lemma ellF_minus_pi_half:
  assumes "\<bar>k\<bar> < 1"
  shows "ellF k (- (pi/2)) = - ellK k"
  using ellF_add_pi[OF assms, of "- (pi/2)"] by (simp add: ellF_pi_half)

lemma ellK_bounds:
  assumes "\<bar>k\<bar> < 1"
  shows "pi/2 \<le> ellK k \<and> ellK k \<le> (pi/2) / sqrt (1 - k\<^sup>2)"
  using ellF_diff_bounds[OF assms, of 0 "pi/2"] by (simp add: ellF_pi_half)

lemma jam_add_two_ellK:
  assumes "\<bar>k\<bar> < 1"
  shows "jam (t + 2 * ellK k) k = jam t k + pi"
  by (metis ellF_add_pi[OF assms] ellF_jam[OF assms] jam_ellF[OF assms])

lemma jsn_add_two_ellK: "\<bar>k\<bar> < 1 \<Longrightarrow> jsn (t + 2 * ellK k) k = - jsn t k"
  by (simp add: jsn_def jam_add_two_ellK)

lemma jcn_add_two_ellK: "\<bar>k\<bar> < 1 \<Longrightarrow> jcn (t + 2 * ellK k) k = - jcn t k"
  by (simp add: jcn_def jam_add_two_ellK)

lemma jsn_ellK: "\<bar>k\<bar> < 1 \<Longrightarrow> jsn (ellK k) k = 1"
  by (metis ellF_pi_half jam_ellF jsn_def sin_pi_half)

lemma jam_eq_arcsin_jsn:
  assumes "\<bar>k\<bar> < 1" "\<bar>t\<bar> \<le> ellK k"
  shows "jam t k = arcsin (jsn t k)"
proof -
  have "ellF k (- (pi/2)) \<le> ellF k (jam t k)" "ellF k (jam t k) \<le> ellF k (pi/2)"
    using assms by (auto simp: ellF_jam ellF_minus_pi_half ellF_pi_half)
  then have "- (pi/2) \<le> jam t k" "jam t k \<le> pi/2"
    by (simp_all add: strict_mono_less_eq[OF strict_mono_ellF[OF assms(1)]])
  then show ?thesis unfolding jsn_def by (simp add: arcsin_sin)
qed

================================

Your instructions
Beginning with the line that has "ellK k \<and>" and ending with the line that has "by (simp add: jsn_def jam_add_two_ellK)", set down the lines above exactly and include no others.

Task solution
  shows "pi/2 \<le> ellK k \<and> ellK k \<le> (pi/2) / sqrt (1 - k\<^sup>2)"
  using ellF_diff_bounds[OF assms, of 0 "pi/2"] by (simp add: ellF_pi_half)

lemma jam_add_two_ellK:
  assumes "\<bar>k\<bar> < 1"
  shows "jam (t + 2 * ellK k) k = jam t k + pi"
  by (metis ellF_add_pi[OF assms] ellF_jam[OF assms] jam_ellF[OF assms])

lemma jsn_add_two_ellK: "\<bar>k\<bar> < 1 \<Longrightarrow> jsn (t + 2 * ellK k) k = - jsn t k"
  by (simp add: jsn_def jam_add_two_ellK)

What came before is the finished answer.